## Collected data entries
################
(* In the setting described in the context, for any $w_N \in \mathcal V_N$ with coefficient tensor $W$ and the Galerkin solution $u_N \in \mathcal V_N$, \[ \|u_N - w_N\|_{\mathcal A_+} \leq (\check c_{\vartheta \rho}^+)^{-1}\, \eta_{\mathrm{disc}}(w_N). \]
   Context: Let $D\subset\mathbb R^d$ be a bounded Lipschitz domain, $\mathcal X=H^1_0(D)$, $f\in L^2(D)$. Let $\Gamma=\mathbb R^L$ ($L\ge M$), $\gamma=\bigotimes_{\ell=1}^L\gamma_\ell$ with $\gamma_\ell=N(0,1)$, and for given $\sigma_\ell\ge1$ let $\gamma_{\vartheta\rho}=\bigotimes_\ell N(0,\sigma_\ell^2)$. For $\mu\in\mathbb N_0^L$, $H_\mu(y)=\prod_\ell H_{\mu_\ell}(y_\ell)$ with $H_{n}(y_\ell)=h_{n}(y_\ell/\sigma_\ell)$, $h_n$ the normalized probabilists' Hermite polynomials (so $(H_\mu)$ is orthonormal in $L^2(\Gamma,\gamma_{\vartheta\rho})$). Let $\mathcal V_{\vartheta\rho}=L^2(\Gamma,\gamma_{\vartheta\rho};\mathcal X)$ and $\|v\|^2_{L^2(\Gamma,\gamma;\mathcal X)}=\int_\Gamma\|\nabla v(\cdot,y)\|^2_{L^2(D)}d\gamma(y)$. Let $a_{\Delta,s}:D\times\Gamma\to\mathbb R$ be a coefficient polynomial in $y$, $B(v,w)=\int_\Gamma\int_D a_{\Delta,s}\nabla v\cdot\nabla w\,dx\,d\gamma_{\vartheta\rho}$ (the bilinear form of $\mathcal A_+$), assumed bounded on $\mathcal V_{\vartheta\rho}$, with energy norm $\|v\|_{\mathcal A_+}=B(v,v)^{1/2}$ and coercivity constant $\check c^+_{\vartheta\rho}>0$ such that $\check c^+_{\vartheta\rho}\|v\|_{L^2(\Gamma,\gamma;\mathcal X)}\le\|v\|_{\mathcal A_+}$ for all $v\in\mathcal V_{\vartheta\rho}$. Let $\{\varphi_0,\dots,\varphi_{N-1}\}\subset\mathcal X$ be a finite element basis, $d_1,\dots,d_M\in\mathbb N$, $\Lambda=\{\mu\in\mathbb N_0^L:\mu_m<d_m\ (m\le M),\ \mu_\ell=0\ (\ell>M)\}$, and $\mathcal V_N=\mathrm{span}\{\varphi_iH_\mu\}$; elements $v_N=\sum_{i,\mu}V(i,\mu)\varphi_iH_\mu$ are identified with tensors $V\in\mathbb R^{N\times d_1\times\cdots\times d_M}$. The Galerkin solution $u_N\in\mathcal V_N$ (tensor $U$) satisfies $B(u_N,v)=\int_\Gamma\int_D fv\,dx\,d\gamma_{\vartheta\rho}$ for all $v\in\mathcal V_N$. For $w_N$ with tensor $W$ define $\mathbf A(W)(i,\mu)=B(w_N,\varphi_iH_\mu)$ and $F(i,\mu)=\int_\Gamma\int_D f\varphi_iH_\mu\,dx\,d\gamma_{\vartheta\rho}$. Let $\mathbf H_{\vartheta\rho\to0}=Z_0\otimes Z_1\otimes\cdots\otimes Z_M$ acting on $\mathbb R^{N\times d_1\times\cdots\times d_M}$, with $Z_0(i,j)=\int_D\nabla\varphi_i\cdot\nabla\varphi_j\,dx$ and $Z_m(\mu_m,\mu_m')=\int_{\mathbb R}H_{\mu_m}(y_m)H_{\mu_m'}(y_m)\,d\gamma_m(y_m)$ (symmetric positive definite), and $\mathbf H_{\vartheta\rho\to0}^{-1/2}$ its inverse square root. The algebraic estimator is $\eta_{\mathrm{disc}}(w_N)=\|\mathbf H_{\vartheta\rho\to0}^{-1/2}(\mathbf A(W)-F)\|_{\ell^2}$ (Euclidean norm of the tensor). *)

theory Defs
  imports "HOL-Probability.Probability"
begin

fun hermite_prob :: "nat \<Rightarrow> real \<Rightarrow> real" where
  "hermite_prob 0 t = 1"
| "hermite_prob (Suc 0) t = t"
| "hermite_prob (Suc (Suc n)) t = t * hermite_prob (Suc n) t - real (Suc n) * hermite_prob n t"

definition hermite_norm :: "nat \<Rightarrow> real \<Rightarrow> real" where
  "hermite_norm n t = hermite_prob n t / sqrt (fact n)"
################
## WHAT IS NEEDED
Each line from the one containing "theory Defs" to the final line of the entries above must be returned exactly, and no other line may appear.

## SOLUTION TO THIS PROBLEM
theory Defs
  imports "HOL-Probability.Probability"
begin

fun hermite_prob :: "nat \<Rightarrow> real \<Rightarrow> real" where
  "hermite_prob 0 t = 1"
| "hermite_prob (Suc 0) t = t"
| "hermite_prob (Suc (Suc n)) t = t * hermite_prob (Suc n) t - real (Suc n) * hermite_prob n t"

definition hermite_norm :: "nat \<Rightarrow> real \<Rightarrow> real" where
  "hermite_norm n t = hermite_prob n t / sqrt (fact n)"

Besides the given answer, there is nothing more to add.